TASK STATEMENT
Below is some data. Retype exactly the lines starting at the one with "using assms by (simp_all" and ending at the one with "using assms(4) pes_confl_irrefl[OF".

** Opening DATASET block **

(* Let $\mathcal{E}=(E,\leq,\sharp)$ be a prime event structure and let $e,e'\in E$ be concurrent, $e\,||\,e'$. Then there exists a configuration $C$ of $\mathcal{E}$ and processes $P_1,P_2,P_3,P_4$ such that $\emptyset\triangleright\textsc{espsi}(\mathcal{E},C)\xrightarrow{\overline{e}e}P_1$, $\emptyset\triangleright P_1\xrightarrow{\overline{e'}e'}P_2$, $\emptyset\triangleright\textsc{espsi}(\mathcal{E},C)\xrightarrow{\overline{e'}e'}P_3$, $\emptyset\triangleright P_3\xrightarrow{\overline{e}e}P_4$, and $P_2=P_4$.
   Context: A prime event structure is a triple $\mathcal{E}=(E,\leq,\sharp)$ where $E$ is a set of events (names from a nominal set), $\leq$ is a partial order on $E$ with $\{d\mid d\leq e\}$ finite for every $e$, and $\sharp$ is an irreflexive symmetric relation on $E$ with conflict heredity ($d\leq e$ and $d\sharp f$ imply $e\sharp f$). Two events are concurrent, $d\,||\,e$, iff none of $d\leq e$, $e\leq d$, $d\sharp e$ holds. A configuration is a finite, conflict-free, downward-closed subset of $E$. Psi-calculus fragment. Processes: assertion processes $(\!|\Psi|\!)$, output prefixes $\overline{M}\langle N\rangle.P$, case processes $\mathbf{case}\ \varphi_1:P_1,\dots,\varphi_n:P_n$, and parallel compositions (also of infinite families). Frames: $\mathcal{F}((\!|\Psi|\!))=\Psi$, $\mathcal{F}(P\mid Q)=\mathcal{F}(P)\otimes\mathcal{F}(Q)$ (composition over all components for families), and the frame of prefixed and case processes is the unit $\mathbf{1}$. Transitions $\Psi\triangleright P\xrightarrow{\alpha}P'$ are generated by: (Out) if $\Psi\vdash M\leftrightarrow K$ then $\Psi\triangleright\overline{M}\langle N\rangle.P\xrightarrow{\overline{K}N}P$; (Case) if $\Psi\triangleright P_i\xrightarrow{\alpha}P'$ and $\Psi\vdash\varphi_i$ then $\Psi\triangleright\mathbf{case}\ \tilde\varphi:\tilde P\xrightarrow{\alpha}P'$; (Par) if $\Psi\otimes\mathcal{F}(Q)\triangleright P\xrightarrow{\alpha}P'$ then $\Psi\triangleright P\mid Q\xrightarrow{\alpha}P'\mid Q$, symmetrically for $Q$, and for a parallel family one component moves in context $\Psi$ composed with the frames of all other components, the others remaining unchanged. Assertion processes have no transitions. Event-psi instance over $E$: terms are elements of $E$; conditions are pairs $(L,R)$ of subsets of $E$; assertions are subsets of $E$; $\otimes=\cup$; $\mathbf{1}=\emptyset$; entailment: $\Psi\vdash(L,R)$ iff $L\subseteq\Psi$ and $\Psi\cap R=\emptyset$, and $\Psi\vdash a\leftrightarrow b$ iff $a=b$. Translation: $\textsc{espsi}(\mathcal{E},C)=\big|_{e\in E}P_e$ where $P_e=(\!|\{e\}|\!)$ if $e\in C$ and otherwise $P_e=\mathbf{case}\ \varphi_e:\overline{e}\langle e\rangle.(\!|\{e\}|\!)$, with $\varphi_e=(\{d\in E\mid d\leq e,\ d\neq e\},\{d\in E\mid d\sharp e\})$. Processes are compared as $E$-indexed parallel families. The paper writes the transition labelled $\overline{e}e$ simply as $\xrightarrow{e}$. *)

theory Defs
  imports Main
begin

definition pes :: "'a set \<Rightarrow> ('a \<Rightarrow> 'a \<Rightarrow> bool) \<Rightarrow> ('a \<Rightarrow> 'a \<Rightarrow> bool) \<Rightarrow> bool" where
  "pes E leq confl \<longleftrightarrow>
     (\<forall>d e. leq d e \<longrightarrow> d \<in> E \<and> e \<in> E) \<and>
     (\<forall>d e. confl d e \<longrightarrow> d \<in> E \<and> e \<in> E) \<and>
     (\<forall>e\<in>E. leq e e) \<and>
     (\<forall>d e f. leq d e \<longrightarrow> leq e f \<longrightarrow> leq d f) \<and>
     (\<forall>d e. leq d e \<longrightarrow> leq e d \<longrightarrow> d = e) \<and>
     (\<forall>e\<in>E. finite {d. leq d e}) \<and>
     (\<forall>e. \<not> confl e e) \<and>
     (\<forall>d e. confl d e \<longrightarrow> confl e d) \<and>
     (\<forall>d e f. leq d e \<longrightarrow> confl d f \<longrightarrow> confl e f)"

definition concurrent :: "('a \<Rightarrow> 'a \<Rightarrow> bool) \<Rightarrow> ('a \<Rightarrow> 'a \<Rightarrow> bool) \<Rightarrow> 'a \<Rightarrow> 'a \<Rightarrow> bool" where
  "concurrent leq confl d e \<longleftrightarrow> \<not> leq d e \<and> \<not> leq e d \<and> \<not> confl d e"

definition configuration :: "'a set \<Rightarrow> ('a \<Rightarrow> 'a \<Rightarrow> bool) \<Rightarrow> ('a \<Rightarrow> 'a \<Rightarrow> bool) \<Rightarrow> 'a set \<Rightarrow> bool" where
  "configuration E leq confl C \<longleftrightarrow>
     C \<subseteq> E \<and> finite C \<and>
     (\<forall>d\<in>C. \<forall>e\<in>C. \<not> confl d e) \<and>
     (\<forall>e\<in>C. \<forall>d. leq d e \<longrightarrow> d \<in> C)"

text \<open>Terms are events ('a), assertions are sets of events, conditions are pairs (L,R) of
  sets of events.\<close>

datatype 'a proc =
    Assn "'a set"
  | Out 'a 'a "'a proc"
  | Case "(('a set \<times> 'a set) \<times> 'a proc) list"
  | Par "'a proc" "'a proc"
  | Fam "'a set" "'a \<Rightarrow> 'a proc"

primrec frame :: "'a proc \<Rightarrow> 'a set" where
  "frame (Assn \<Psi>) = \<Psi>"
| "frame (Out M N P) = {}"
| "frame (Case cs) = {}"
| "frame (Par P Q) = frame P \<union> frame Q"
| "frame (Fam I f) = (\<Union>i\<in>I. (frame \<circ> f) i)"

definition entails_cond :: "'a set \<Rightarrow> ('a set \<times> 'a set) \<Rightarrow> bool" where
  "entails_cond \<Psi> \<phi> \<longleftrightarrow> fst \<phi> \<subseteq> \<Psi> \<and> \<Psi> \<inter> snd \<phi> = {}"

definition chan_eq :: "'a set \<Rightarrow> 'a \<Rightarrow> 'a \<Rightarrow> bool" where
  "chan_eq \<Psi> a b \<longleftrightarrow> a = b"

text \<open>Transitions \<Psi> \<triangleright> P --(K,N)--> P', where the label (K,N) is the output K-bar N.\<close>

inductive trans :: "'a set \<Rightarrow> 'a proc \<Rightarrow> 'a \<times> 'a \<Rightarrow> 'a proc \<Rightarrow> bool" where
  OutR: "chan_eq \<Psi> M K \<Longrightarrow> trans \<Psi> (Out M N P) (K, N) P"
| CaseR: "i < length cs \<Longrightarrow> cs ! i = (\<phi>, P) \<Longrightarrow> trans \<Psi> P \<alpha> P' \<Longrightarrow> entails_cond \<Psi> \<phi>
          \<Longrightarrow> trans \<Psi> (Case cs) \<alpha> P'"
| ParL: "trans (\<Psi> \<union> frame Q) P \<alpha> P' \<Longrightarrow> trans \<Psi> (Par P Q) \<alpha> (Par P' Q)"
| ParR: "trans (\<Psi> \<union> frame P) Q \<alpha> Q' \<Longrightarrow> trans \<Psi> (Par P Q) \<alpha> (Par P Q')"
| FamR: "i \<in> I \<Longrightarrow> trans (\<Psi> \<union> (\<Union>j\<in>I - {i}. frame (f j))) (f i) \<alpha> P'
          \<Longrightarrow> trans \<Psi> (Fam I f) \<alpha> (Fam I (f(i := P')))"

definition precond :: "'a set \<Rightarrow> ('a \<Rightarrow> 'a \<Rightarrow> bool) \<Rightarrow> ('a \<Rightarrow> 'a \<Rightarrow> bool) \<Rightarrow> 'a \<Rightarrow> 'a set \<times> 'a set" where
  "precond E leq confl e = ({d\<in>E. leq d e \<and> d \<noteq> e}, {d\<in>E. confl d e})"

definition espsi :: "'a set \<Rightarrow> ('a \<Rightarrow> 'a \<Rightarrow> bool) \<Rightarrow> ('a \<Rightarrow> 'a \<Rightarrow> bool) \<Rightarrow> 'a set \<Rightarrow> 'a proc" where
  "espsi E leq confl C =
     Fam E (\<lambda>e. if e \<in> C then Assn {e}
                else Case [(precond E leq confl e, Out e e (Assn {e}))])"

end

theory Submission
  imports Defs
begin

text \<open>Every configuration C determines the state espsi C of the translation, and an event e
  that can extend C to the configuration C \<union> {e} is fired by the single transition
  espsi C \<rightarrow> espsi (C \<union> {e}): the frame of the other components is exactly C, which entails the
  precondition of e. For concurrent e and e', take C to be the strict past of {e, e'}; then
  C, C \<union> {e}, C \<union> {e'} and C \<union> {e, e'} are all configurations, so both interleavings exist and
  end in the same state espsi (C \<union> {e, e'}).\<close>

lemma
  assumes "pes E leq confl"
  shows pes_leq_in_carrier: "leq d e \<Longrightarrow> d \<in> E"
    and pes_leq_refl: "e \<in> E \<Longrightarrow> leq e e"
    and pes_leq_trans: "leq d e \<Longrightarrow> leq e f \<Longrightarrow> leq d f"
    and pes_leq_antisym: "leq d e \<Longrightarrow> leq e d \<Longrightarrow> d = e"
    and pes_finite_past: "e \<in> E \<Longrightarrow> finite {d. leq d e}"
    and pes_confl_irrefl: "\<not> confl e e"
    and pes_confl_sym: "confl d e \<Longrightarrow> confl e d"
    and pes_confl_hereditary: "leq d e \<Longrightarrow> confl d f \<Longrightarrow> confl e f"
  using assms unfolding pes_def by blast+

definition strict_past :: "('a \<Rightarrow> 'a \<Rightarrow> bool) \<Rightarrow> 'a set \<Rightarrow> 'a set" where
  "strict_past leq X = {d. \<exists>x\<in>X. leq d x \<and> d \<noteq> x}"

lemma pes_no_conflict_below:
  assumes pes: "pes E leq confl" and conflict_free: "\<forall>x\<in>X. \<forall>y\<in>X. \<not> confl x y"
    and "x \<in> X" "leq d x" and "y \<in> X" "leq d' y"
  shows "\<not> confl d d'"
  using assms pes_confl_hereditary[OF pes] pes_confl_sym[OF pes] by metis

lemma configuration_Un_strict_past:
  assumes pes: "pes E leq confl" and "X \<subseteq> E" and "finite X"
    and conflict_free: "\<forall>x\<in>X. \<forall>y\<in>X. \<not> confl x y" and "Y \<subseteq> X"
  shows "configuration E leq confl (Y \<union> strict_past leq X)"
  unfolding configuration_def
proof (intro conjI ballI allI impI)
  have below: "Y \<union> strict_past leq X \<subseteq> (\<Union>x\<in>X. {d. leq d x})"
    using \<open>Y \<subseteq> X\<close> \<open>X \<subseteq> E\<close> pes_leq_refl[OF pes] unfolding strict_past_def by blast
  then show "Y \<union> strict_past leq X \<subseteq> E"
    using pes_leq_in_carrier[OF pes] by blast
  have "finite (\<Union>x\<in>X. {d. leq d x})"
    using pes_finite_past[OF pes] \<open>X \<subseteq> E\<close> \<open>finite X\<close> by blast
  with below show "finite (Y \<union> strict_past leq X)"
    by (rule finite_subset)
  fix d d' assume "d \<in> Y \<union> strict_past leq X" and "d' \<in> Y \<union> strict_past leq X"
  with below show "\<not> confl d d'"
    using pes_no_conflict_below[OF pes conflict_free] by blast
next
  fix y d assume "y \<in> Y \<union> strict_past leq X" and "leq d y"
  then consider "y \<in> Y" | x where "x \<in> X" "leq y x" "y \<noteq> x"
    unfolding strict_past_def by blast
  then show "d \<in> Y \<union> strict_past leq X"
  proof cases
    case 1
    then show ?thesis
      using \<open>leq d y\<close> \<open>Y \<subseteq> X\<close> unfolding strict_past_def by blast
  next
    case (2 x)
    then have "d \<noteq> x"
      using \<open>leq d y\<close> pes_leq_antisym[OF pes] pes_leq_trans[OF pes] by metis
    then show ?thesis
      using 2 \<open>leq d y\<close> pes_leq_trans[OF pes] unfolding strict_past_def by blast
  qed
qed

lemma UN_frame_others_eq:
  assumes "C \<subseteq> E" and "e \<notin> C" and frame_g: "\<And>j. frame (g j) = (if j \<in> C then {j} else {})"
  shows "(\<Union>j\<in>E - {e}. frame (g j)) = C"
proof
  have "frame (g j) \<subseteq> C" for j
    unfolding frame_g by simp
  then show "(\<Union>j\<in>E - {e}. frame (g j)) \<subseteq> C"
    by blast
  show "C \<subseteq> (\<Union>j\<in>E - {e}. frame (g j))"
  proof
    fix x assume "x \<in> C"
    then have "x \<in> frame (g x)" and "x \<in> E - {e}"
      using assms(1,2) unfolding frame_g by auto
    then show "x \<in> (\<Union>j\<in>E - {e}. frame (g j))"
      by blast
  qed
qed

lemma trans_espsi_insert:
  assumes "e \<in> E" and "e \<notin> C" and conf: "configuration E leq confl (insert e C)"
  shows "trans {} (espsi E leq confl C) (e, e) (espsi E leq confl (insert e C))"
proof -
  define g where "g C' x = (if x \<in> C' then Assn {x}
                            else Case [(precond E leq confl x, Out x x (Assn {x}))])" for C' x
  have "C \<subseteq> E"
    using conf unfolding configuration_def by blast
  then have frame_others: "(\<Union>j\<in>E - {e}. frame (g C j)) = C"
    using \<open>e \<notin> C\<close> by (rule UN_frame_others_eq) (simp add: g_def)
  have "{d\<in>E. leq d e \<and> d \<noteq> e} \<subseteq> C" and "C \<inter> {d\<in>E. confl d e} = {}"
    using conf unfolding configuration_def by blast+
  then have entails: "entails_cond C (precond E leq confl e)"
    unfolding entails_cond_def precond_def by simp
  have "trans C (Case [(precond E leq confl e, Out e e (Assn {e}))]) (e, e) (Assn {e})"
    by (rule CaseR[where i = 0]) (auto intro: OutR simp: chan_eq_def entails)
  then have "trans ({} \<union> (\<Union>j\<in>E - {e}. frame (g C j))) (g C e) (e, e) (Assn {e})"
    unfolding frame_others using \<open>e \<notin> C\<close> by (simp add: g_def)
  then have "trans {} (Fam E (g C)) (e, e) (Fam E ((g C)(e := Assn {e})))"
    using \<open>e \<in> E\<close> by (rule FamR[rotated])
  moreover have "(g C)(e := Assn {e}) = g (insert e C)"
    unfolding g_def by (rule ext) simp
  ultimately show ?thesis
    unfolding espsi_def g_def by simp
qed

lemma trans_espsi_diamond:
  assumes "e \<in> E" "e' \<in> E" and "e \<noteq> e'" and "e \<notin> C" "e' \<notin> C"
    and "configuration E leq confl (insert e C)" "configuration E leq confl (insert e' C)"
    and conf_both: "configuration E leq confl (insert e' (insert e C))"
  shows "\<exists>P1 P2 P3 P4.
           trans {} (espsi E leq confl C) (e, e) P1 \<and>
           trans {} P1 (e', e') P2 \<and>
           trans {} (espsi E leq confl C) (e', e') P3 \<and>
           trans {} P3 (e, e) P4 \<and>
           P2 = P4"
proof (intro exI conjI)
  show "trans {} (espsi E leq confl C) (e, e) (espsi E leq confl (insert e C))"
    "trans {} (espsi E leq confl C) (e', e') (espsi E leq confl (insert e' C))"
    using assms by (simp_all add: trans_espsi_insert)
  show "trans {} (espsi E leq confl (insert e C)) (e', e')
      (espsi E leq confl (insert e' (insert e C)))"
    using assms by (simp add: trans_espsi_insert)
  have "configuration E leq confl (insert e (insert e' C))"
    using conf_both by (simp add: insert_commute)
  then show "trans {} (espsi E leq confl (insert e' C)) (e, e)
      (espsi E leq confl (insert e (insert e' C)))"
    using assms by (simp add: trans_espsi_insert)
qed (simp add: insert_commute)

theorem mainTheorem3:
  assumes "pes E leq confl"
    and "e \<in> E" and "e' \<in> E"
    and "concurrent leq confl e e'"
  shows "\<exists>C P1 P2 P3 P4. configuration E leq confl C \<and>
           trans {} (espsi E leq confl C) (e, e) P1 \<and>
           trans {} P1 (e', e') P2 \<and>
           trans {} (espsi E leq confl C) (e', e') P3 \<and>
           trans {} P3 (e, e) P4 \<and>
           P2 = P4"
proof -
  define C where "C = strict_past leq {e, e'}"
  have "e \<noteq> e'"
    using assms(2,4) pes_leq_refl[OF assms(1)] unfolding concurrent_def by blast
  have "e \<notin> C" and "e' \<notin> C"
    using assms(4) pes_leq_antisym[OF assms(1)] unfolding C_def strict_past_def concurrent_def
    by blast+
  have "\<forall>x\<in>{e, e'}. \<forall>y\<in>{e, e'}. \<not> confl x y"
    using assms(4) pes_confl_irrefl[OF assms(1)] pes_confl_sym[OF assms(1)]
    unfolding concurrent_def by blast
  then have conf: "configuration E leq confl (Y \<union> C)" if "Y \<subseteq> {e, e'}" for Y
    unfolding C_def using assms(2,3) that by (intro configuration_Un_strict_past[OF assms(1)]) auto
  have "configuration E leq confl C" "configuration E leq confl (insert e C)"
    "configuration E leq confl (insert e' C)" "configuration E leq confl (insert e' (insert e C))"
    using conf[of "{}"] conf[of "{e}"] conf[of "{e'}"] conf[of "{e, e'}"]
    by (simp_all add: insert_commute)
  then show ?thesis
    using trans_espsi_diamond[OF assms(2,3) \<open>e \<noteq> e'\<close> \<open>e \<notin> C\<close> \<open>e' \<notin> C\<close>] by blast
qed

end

** Closing DATASET block **

SOLUTION FOR THIS TASK
    using assms by (simp_all add: trans_espsi_insert)
  show "trans {} (espsi E leq confl (insert e C)) (e', e')
      (espsi E leq confl (insert e' (insert e C)))"
    using assms by (simp add: trans_espsi_insert)
  have "configuration E leq confl (insert e (insert e' C))"
    using conf_both by (simp add: insert_commute)
  then show "trans {} (espsi E leq confl (insert e' C)) (e, e)
      (espsi E leq confl (insert e (insert e' C)))"
    using assms by (simp add: trans_espsi_insert)
qed (simp add: insert_commute)

theorem mainTheorem3:
  assumes "pes E leq confl"
    and "e \<in> E" and "e' \<in> E"
    and "concurrent leq confl e e'"
  shows "\<exists>C P1 P2 P3 P4. configuration E leq confl C \<and>
           trans {} (espsi E leq confl C) (e, e) P1 \<and>
           trans {} P1 (e', e') P2 \<and>
           trans {} (espsi E leq confl C) (e', e') P3 \<and>
           trans {} P3 (e, e) P4 \<and>
           P2 = P4"
proof -
  define C where "C = strict_past leq {e, e'}"
  have "e \<noteq> e'"
    using assms(2,4) pes_leq_refl[OF assms(1)] unfolding concurrent_def by blast
  have "e \<notin> C" and "e' \<notin> C"
    using assms(4) pes_leq_antisym[OF assms(1)] unfolding C_def strict_past_def concurrent_def
    by blast+
  have "\<forall>x\<in>{e, e'}. \<forall>y\<in>{e, e'}. \<not> confl x y"
    using assms(4) pes_confl_irrefl[OF assms(1)] pes_confl_sym[OF assms(1)]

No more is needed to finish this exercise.